Creating a Keyspace and Column Families

We need to create a keyspace and some column families to work with. There are two good ways to do this: using cassandra-cli, or using pycassaShell. Both are documented below.

Using cassandra-cli

The cassandra-cli utility is included with Cassandra. It allows you to create and modify the schema, explore or modify data, and examine a few things about your cluster. Here's how to create the keyspace and column family we need for this tutorial:

user@~ $ cassandra-cli
Welcome to cassandra CLI.

Type 'help;' or '?' for help. Type 'quit;' or 'exit;' to quit.
[default@unknown] connect localhost/9160;
Connected to: "Test Cluster" on localhost/9160
[default@unknown] create keyspace Keyspace1;
4f9e42c4-645e-11e0-ad9e-e700f669bcfc
Waiting for schema agreement...
... schemas agree across the cluster
[default@unknown] use Keyspace1;
Authenticated to keyspace: Keyspace1
[default@Keyspace1] create column family ColumnFamily1;
632cf985-645e-11e0-ad9e-e700f669bcfc
Waiting for schema agreement...
... schemas agree across the cluster
[default@Keyspace1] quit;
user@~ $

This connects to a local instance of Cassandra and creates a keyspace named 'Keyspace1' with a column family named 'ColumnFamily1'.

Using pycassaShell

:ref:`pycassa-shell` is an interactive Python shell that is included with pycassa. Upon starting, it sets up many of the objects that you typically work with when using pycassa. It provides most of the functionality that cassandra-cli does, but also gives you a full Python environment to work with.

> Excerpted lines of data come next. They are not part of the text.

section \<open>Differentiating a series termwise\<close>

lemma has_real_derivative_infsum:
  fixes f f' :: "'i \<Rightarrow> real \<Rightarrow> real"
  assumes I: "countable I" "infinite I" and "r > 0"
    and deriv: "\<And>i s. i \<in> I \<Longrightarrow> s \<in> ball t r \<Longrightarrow> ((\<lambda>s. f i s) has_real_derivative f' i s) (at s)"
    and summable: "\<And>s. s \<in> ball t r \<Longrightarrow> (\<lambda>i. f i s) summable_on I"
    and M: "M summable_on I" "\<And>i s. i \<in> I \<Longrightarrow> s \<in> ball t r \<Longrightarrow> \<bar>f' i s\<bar> \<le> M i"
  shows "((\<lambda>s. \<Sum>\<^sub>\<infinity>i\<in>I. f i s) has_real_derivative (\<Sum>\<^sub>\<infinity>i\<in>I. f' i t)) (at t)"
proof -
  define e where "e = from_nat_into I"
  have bij: "bij_betw e UNIV I"
    unfolding e_def using bij_betw_from_nat_into[OF I] .
  have e_in: "e n \<in> I" for n
    using bij by (auto simp: bij_betw_def)
  have series: "(\<Sum>\<^sub>\<infinity>i\<in>I. g i) = (\<Sum>n. g (e n))" "summable (\<lambda>n. g (e n))"
    if "g summable_on I" for g :: "'i \<Rightarrow> real"
  proof -
    have "(\<lambda>n. g (e n)) summable_on UNIV"
      using summable_on_reindex_bij_betw[OF bij, of g] that by simp
    then have "(\<lambda>n. g (e n)) sums (\<Sum>\<^sub>\<infinity>n. g (e n))"
      by (intro has_sum_imp_sums has_sum_infsum)
    then show "summable (\<lambda>n. g (e n))" "(\<Sum>\<^sub>\<infinity>i\<in>I. g i) = (\<Sum>n. g (e n))"
      using infsum_reindex_bij_betw[OF bij, of g] by (auto simp: sums_iff)
  qed
  have f'_summable: "(\<lambda>i. f' i s) summable_on I" if "s \<in> ball t r" for s
    by (rule summable_on_dominated[OF M(1)]) (use M(2) that in auto)
  have series_deriv: "((\<lambda>s. \<Sum>n. f (e n) s) has_real_derivative (\<Sum>n. f' (e n) t)) (at t)"
  proof (rule has_field_derivative_series'(2)[where S="ball t r" and x0=t])
    show "((\<lambda>s. f (e n) s) has_real_derivative f' (e n) s) (at s within ball t r)"
      if "s \<in> ball t r" for n s
      using deriv[OF e_in that] by (rule has_field_derivative_at_within)
    show "uniformly_convergent_on (ball t r) (\<lambda>n s. \<Sum>i<n. f' (e i) s)"
    proof (rule Weierstrass_m_test'[where M="\<lambda>n. M (e n)"])
      show "norm (f' (e n) s) \<le> M (e n)" if "s \<in> ball t r" for n s
        using M(2)[OF e_in that] by simp
    qed (rule series(2)[OF M(1)])
    show "summable (\<lambda>n. f (e n) t)"
      using series(2)[OF summable] \<open>r > 0\<close> by simp
  qed (use \<open>r > 0\<close> in simp_all)
  have f'_series: "(\<Sum>\<^sub>\<infinity>i\<in>I. f' i t) = (\<Sum>n. f' (e n) t)"
    using series(1)[OF f'_summable] \<open>r > 0\<close> by simp
  show ?thesis
    unfolding f'_series
    by (rule has_field_derivative_transform_within_open[OF series_deriv, of "ball t r"])
      (use \<open>r > 0\<close> series(1)[OF summable] in auto)
qed

lemma infsum_const_if_derivative_infsum_zero:
  fixes f f' :: "'i \<Rightarrow> real \<Rightarrow> real"
  assumes I: "countable I" "infinite I"
    and deriv: "\<And>i s. i \<in> I \<Longrightarrow> ((\<lambda>s. f i s) has_real_derivative f' i s) (at s)"
    and summable: "\<And>s. (\<lambda>i. f i s) summable_on I"
    and dominated: "\<And>a b. \<exists>M. M summable_on I \<and> (\<forall>s\<in>{a..b}. \<forall>i\<in>I. \<bar>f' i s\<bar> \<le> M i)"
    and zero: "\<And>s. (\<Sum>\<^sub>\<infinity>i\<in>I. f' i s) = 0"
  shows "(\<Sum>\<^sub>\<infinity>i\<in>I. f i t) = (\<Sum>\<^sub>\<infinity>i\<in>I. f i s)"
proof (rule DERIV_isconst_all[of "\<lambda>s. \<Sum>\<^sub>\<infinity>i\<in>I. f i s"], intro allI)
  fix x
  obtain M where M: "M summable_on I" "\<forall>s\<in>{x-1..x+1}. \<forall>i\<in>I. \<bar>f' i s\<bar> \<le> M i"
    using dominated by blast
  have ball: "ball x 1 \<subseteq> {x-1..x+1}"
    by (auto simp: dist_real_def)
  have "((\<lambda>s. \<Sum>\<^sub>\<infinity>i\<in>I. f i s) has_real_derivative (\<Sum>\<^sub>\<infinity>i\<in>I. f' i x)) (at x)"
    by (rule has_real_derivative_infsum[OF I, where r=1 and M=M]) (use M ball deriv summable in auto)
  then show "((\<lambda>s. \<Sum>\<^sub>\<infinity>i\<in>I. f i s) has_real_derivative 0) (at x)"
    by (simp add: zero)
qed

section \<open>Difference operators and summation by parts\<close>

abbreviation DmDp :: "real \<Rightarrow> (int \<Rightarrow> real) \<Rightarrow> (int \<Rightarrow> real)" where
  "DmDp h \<equiv> Dm h \<circ> Dp h"

lemma DmDp_apply: "Dm h (Dp h u) j = (u (j + 1) - 2 * u j + u (j - 1)) / h\<^sup>2"
  by (cases "h = 0") (simp_all add: Dm_def Dp_def field_simps power2_eq_square)

lemma summable_on_Dp: "u summable_on UNIV \<Longrightarrow> Dp h u summable_on UNIV"
  unfolding Dp_def by (intro summable_on_divide_const summable_on_diff summable_on_int_shift)

lemma summable_on_Dm: "u summable_on UNIV \<Longrightarrow> Dm h u summable_on UNIV"
  unfolding Dm_def using summable_on_int_shift[of u "-1"]
  by (intro summable_on_divide_const summable_on_diff) auto

lemma summable_on_D0: "u summable_on UNIV \<Longrightarrow> D0 h u summable_on UNIV"
  unfolding D0_def using summable_on_int_shift[of u "-1"] summable_on_int_shift[of u 1]
  by (intro summable_on_divide_const summable_on_diff) auto

lemma summable_on_DmDp: "u summable_on UNIV \<Longrightarrow> DmDp h u summable_on UNIV"
  by (simp add: summable_on_Dm summable_on_Dp)

lemma summable_on_DmDp_pow: "u summable_on UNIV \<Longrightarrow> (DmDp h ^^ k) u summable_on UNIV"
  by (induction k) (auto intro: summable_on_Dm summable_on_Dp)

lemma summable_on_D0DDk: "u summable_on UNIV \<Longrightarrow> D0DDk h k u summable_on UNIV"
  unfolding D0DDk_def by (intro summable_on_D0 summable_on_DmDp_pow)

lemma infsum_mult_shift_diff:
  fixes u z :: "int \<Rightarrow> real"
  assumes u: "u summable_on UNIV" and z: "z summable_on UNIV"
  shows "(\<Sum>\<^sub>\<infinity>j. z j * (u (j + a) - u (j + b))) = (\<Sum>\<^sub>\<infinity>j. (z (j - a) - z (j - b)) * u j)"
proof -
  have shifted: "(\<lambda>j. z j * u (j + c)) summable_on UNIV" "(\<lambda>j. z (j - c) * u j) summable_on UNIV"
    for c
    using summable_on_mult[OF summable_on_int_shift[OF u] z]
      summable_on_mult[OF u summable_on_int_shift[OF z, of "-c"]] by simp_all
  have swap: "(\<Sum>\<^sub>\<infinity>j. z j * u (j + c)) = (\<Sum>\<^sub>\<infinity>j. z (j - c) * u j)" for c
    using infsum_int_shift[of "\<lambda>j. z (j - c) * u j" c] by simp
  show ?thesis
    unfolding right_diff_distrib left_diff_distrib
    by (simp add: infsum_diff shifted swap)
qed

Here's how to create the keyspace and column family:

user@~ $ pycassaShell
----------------------------------
Cassandra Interactive Python Shell
----------------------------------
Keyspace: None
Host: localhost:9160

ColumnFamily instances are only available if a keyspace is specified with -k/--keyspace

Schema definition tools and cluster information are available through SYSTEM_MANAGER.
>>> SYSTEM_MANAGER.create_keyspace('Keyspace1', strategy_options={"replication_factor": "1"})
>>> SYSTEM_MANAGER.create_column_family('Keyspace1', 'ColumnFamily1')

Connecting to Cassandra

The first step when working with pycassa is to connect to the running cassandra instance:

>>> import pycassa
>>> pool = pycassa.connect('Keyspace1')

The above code will connect by default to localhost:9160. We can also specify the host and port explicitly, as follows:

>>> pool = pycassa.connect('Keyspace1', ['localhost:9160'])

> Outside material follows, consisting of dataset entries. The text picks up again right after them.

(* Let $n\ge 2$ and let $\mathrm W=\mathfrak S_n\ltimes\mathfrak X$ be the extended affine Weyl group, where $\mathfrak X$ is the free abelian group of Laurent monomials $X_1^{a_1}\cdots X_n^{a_n}$ ($a_i\in\mathbb Z$) on which $\mathfrak S_n$ acts by $wX_iw^{-1}=X_{w(i)}$. For $J,K\subseteq \mathbb I=\{s_1,\dots,s_{n-1}\}$, the sets $$\Delta_{K,J}=\{dp \mid d\in D^{\mathbb I}_{K,J},\ p\in \overrightarrow{\mathfrak P}_{d^{-1}K\cap J}\},\qquad \nabla_{K,J}=\{dp \mid d\in D^{\mathbb I}_{K,J},\ p\in \overleftarrow{\mathfrak P}_{d^{-1}K\cap J}\}$$ are each a complete set of pairwise inequivalent representatives of the double cosets $\mathrm W_K\backslash \mathrm W/\mathrm W_J$.
   Context: $s_i$ denotes the simple transposition $(i,i+1)\in\mathfrak S_n$. For $L\subseteq\mathbb I$, $\mathrm W_L$ is the (finite) parabolic subgroup of $\mathfrak S_n\subseteq\mathrm W$ generated by $L$. $D^{\mathbb I}_{K,J}$ denotes the set of minimal-length (Coxeter length in $\mathfrak S_n$) representatives of the double cosets $\mathrm W_K\backslash\mathfrak S_n/\mathrm W_J$. For $d\in D^{\mathbb I}_{K,J}$, $d^{-1}K\cap J=\{s\in J\mid dsd^{-1}\in K\}$. For $L\subseteq\mathbb I$, a monomial $X_1^{a_1}\cdots X_n^{a_n}$ is $L$-dominant if $a_i\ge a_j$ whenever $i\le j$ lie in the same orbit of $\mathrm W_L$ on $\{1,\dots,n\}$, and $L$-antidominant if $a_i\le a_j$ for all such $i\le j$; $\overrightarrow{\mathfrak P}_L$ and $\overleftarrow{\mathfrak P}_L$ denote the sets of $L$-dominant, respectively $L$-antidominant, monomials. *)

theory Defs
  imports "HOL-Combinatorics.Combinatorics"
begin

(* Indices 1..n.  An element  w X^a  of W = S_n \<ltimes> X is encoded as the pair (w, a),
   w a permutation of {1..n}, a an integer exponent vector supported on {1..n}. *)

definition expvecs :: "nat \<Rightarrow> (nat \<Rightarrow> int) set" where
  "expvecs n = {a. \<forall>i. i \<notin> {1..n} \<longrightarrow> a i = 0}"

definition Wext :: "nat \<Rightarrow> ((nat \<Rightarrow> nat) \<times> (nat \<Rightarrow> int)) set" where
  "Wext n = {(w, a). w permutes {1..n} \<and> a \<in> expvecs n}"

(* (w X^a)(v X^b) = w v (v^{-1} X^a v) X^b, and v^{-1} X_i v = X_{v^{-1}(i)} *)
definition Wmult :: "((nat \<Rightarrow> nat) \<times> (nat \<Rightarrow> int)) \<Rightarrow> ((nat \<Rightarrow> nat) \<times> (nat \<Rightarrow> int))
    \<Rightarrow> ((nat \<Rightarrow> nat) \<times> (nat \<Rightarrow> int))" where
  "Wmult x y = (fst x \<circ> fst y, (\<lambda>j. snd x (fst y j) + snd y j))"

definition simple :: "nat \<Rightarrow> nat \<Rightarrow> nat" where
  "simple i = transpose i (i + 1)"

inductive_set parabolic :: "nat set \<Rightarrow> (nat \<Rightarrow> nat) set" for L where
  id: "id \<in> parabolic L"
| step: "i \<in> L \<Longrightarrow> w \<in> parabolic L \<Longrightarrow> simple i \<circ> w \<in> parabolic L"

definition word_prod :: "nat list \<Rightarrow> nat \<Rightarrow> nat" where
  "word_prod is = foldr (\<lambda>i f. simple i \<circ> f) is id"

definition cox_length :: "nat \<Rightarrow> (nat \<Rightarrow> nat) \<Rightarrow> nat" where
  "cox_length n w = (LEAST k. \<exists>is. length is = k \<and> set is \<subseteq> {1..<n} \<and> word_prod is = w)"

definition minreps :: "nat \<Rightarrow> nat set \<Rightarrow> nat set \<Rightarrow> (nat \<Rightarrow> nat) set" where
  "minreps n K J = {d. d permutes {1..n} \<and>
     (\<forall>u\<in>parabolic K. \<forall>v\<in>parabolic J. cox_length n d \<le> cox_length n (u \<circ> d \<circ> v))}"

(* d^{-1} K \<inter> J = {s \<in> J | d s d^{-1} \<in> K}, as a set of indices *)
definition conj_inter :: "(nat \<Rightarrow> nat) \<Rightarrow> nat set \<Rightarrow> nat set \<Rightarrow> nat set" where
  "conj_inter d K J = {j \<in> J. \<exists>k\<in>K. d \<circ> simple j \<circ> inv d = simple k}"

definition same_orbit :: "nat set \<Rightarrow> nat \<Rightarrow> nat \<Rightarrow> bool" where
  "same_orbit L i j \<longleftrightarrow> (\<exists>u\<in>parabolic L. u i = j)"

definition dominant :: "nat \<Rightarrow> nat set \<Rightarrow> (nat \<Rightarrow> int) set" where
  "dominant n L = {a \<in> expvecs n. \<forall>i\<in>{1..n}. \<forall>j\<in>{1..n}.
      i \<le> j \<and> same_orbit L i j \<longrightarrow> a i \<ge> a j}"

definition antidominant :: "nat \<Rightarrow> nat set \<Rightarrow> (nat \<Rightarrow> int) set" where
  "antidominant n L = {a \<in> expvecs n. \<forall>i\<in>{1..n}. \<forall>j\<in>{1..n}.
      i \<le> j \<and> same_orbit L i j \<longrightarrow> a i \<le> a j}"

definition Delta :: "nat \<Rightarrow> nat set \<Rightarrow> nat set \<Rightarrow> ((nat \<Rightarrow> nat) \<times> (nat \<Rightarrow> int)) set" where
  "Delta n K J = {Wmult (d, \<lambda>_. 0) (id, p) | d p. d \<in> minreps n K J \<and> p \<in> dominant n (conj_inter d K J)}"

definition Nabla :: "nat \<Rightarrow> nat set \<Rightarrow> nat set \<Rightarrow> ((nat \<Rightarrow> nat) \<times> (nat \<Rightarrow> int)) set" where
  "Nabla n K J = {Wmult (d, \<lambda>_. 0) (id, p) | d p. d \<in> minreps n K J \<and> p \<in> antidominant n (conj_inter d K J)}"

definition dcoset_equiv :: "nat set \<Rightarrow> nat set \<Rightarrow> ((nat \<Rightarrow> nat) \<times> (nat \<Rightarrow> int))
    \<Rightarrow> ((nat \<Rightarrow> nat) \<times> (nat \<Rightarrow> int)) \<Rightarrow> bool" where
  "dcoset_equiv K J x y \<longleftrightarrow>
     (\<exists>u\<in>parabolic K. \<exists>v\<in>parabolic J. y = Wmult (Wmult (u, \<lambda>_. 0) x) (v, \<lambda>_. 0))"

definition complete_reps :: "nat \<Rightarrow> nat set \<Rightarrow> nat set \<Rightarrow> ((nat \<Rightarrow> nat) \<times> (nat \<Rightarrow> int)) set \<Rightarrow> bool" where
  "complete_reps n K J R \<longleftrightarrow> R \<subseteq> Wext n \<and>
     (\<forall>x\<in>Wext n. \<exists>r\<in>R. dcoset_equiv K J x r) \<and>
     (\<forall>r\<in>R. \<forall>r'\<in>R. dcoset_equiv K J r r' \<longrightarrow> r = r')"

end

theory Submission
  imports Defs
begin

(* An element (w, a) of W runs through its double coset W_K (w, a) W_J as (u w v, a \<circ> v) with
   u \<in> W_K, v \<in> W_J. Taking u w v of minimal length gives a permutation d \<in> D_{K,J}; it is
   characterised by having no left descents in K and no right descents in J, and a counting argument
   within blocks shows that it does not depend on the choice of u, v. What remains is the action of
   the pairs (u, v) with u d v = d, whose components v permute each block of d^-1 K \<inter> J. Within such
   blocks the exponent vector can be sorted (by minimising \<Sum> i a_i) and the sorted vector is unique,
   giving the dominant representative; negating all exponents turns dominant into antidominant. *)

section \<open>Blocks of consecutive indices\<close>

definition same_block :: "nat set \<Rightarrow> nat \<Rightarrow> nat \<Rightarrow> bool" where
  "same_block L i j \<longleftrightarrow> {min i j..<max i j} \<subseteq> L"

lemma same_block_refl [simp]: "same_block L i i"
  by (simp add: same_block_def)

lemma same_block_sym: "same_block L i j \<Longrightarrow> same_block L j i"
  by (simp add: same_block_def min.commute max.commute)

lemma same_block_trans:
  assumes "same_block L i j" "same_block L j k"
  shows "same_block L i k"
proof -
  have "{min i k..<max i k} \<subseteq> {min i j..<max i j} \<union> {min j k..<max j k}"
    by (auto simp: min_def max_def)
  then show ?thesis using assms by (auto simp: same_block_def)
qed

This creates a small connection pool for use with a :class:`~pycassa.columnfamily.ColumnFamily` . See Connection Pooling for more details.

Getting a ColumnFamily

A column family is a collection of rows and columns in Cassandra, and can be thought of as roughly the equivalent of a table in a relational database. We'll use one of the column families that are included in the default schema file:

>>> pool = pycassa.connect('Keyspace1')
>>> col_fam = pycassa.ColumnFamily(pool, 'ColumnFamily1')

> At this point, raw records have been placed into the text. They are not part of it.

lemma tendsto_neg_fa_real_neg: "((\<lambda>s. - fa_real \<alpha> (- s)) \<longlongrightarrow> - fa_real \<alpha> (-1)) (at_left 1)"
proof -
  have "isCont (fa_real \<alpha>) (-1)" by (rule DERIV_isCont[OF fa_real_has_derivative]) simp
  moreover have "((\<lambda>s. - s) \<longlongrightarrow> - 1) (at_left (1::real))" by (intro tendsto_intros)
  ultimately have "((\<lambda>s. fa_real \<alpha> (- s)) \<longlongrightarrow> fa_real \<alpha> (-1)) (at_left 1)"
    by (rule isCont_tendsto_compose)
  thus ?thesis by (rule tendsto_minus)
qed

lemma fa_real_boundary_bounds:
  assumes "0 \<le> \<alpha>" "\<alpha> < 1"
  shows "0 < - fa_real \<alpha> (-1)" "- fa_real \<alpha> (-1) < 1"
proof -
  have eq: "- fa_real \<alpha> (-1) = 1 - 2 * ((1 - \<alpha>) * (1 - ln 2))"
    by (simp add: fa_real_def algebra_simps)
  have "2/3 \<le> ln (2::real)" by (rule ln2_ge_two_thirds)
  moreover have "ln (2::real) < 1" using ln2_le_25_over_36 by simp
  ultimately have "0 < (1 - \<alpha>) * (1 - ln 2)" "(1 - \<alpha>) * (1 - ln 2) \<le> 1 * (1/3)"
    using assms by (simp, intro mult_mono) auto
  thus "0 < - fa_real \<alpha> (-1)" "- fa_real \<alpha> (-1) < 1" unfolding eq by linarith+
qed

lemma rf_eq_ex1:
  assumes "0 \<le> \<alpha>" "\<alpha> < 1"
  shows "\<exists>!r. 0 < r \<and> r < 1 \<and> rf_eq \<alpha> r"
proof -
  define L where "L = - fa_real \<alpha> (-1)"
  define s where "s = (1 + L) / 2"
  have L: "0 < L" "L < 1" using fa_real_boundary_bounds[OF assms] by (auto simp: L_def)
  hence s: "L < s" "s < 1" by (auto simp: s_def)
  have "L \<le> fa_real \<alpha> s" using fa_real_le_self[of \<alpha> s] s L assms by auto
  moreover have "continuous_on {0..s} (fa_real \<alpha>)"
    by (rule continuous_on_subset[OF continuous_on_fa_real]) (use s in auto)
  ultimately obtain r where r: "0 \<le> r" "r \<le> s" "fa_real \<alpha> r = L"
    using IVT'[of "fa_real \<alpha>" 0 L s] L s by (auto simp: fa_real_def)
  have "r \<noteq> 0" using r L by (auto simp: fa_real_def)
  hence root: "0 < r \<and> r < 1 \<and> rf_eq \<alpha> r"
    using r s rf_eq_iff_fa_real[of r \<alpha>] by (auto simp: L_def)
  have "y = r" if "0 < y \<and> y < 1 \<and> rf_eq \<alpha> y" for y
    using that root rf_eq_iff_fa_real fa_real_strict_mono[OF assms, of y r]
      fa_real_strict_mono[OF assms, of r y] by (cases y r rule: linorder_cases) auto
  with root show ?thesis by blast
qed

lemma rf_root:
  assumes "0 \<le> \<alpha>" "\<alpha> < 1"
  shows "0 < rf \<alpha>" "rf \<alpha> < 1" "fa_real \<alpha> (rf \<alpha>) = - fa_real \<alpha> (-1)"
proof -
  have "0 < rf \<alpha> \<and> rf \<alpha> < 1 \<and> rf_eq \<alpha> (rf \<alpha>)"
    unfolding rf_def by (rule theI'[OF rf_eq_ex1[OF assms]])
  thus "0 < rf \<alpha>" "rf \<alpha> < 1" "fa_real \<alpha> (rf \<alpha>) = - fa_real \<alpha> (-1)"
    using rf_eq_iff_fa_real by auto
qed

section \<open>Power series on the disc and Carath\'eodory functions\<close>

definition converges_on_disc :: "(nat \<Rightarrow> complex) \<Rightarrow> bool" where
  "converges_on_disc c \<longleftrightarrow> (\<forall>z \<in> ball 0 1. summable (\<lambda>n. c n * z ^ n))"

lemma converges_on_disc_sums:
  "converges_on_disc c \<Longrightarrow> norm z < 1 \<Longrightarrow> (\<lambda>n. c n * z ^ n) sums pser c z"
  unfolding converges_on_disc_def pser_def by (simp add: summable_sums)

lemma has_field_derivative_pser:
  assumes "converges_on_disc c" "norm z < 1"
  shows "(pser c has_field_derivative pser (diffs c) z) (at z)"
  unfolding pser_def by (rule termdiffs_strong'[of 1]) (use assms in \<open>auto simp: converges_on_disc_def\<close>)

lemma converges_on_disc_diffs: "converges_on_disc c \<Longrightarrow> converges_on_disc (diffs c)"
  unfolding converges_on_disc_def by (auto intro: termdiff_converges[of _ 1])

lemma holomorphic_on_pser:
  assumes "converges_on_disc c"
  shows "pser c holomorphic_on ball 0 1"
  unfolding holomorphic_on_open[OF open_ball]
proof
  fix z :: complex assume "z \<in> ball 0 1"
  hence "(pser c has_field_derivative pser (diffs c) z) (at z)"
    using has_field_derivative_pser[OF assms] by simp
  thus "\<exists>f'. (pser c has_field_derivative f') (at z)" by blast
qed

lemma deriv_pser: "converges_on_disc c \<Longrightarrow> norm z < 1 \<Longrightarrow> deriv (pser c) z = pser (diffs c) z"
  by (rule DERIV_imp_deriv[OF has_field_derivative_pser])

lemma pser_0 [simp]: "pser c 0 = c 0"
  unfolding pser_def by (rule powser_zero)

If you get an error about the keyspace or column family not existing, make sure you created the keyspace and column family as shown above.

Inserting Data

To insert a row into a column family we can use the :meth:`~pycassa.columnfamily.ColumnFamily.insert` method:

>>> col_fam.insert('row_key', {'col_name': 'col_val'})
1354459123410932

We can also insert more than one column at a time:

>>> col_fam.insert('row_key', {'col_name':'col_val', 'col_name2':'col_val2'})
1354459123410932

And we can insert more than one row at a time:

>>> col_fam.batch_insert({'row1': {'name1': 'val1', 'name2': 'val2'},
...                       'row2': {'foo': 'bar'}})
1354491238721387

Getting Data

There are many more ways to get data out of Cassandra than there are to insert data.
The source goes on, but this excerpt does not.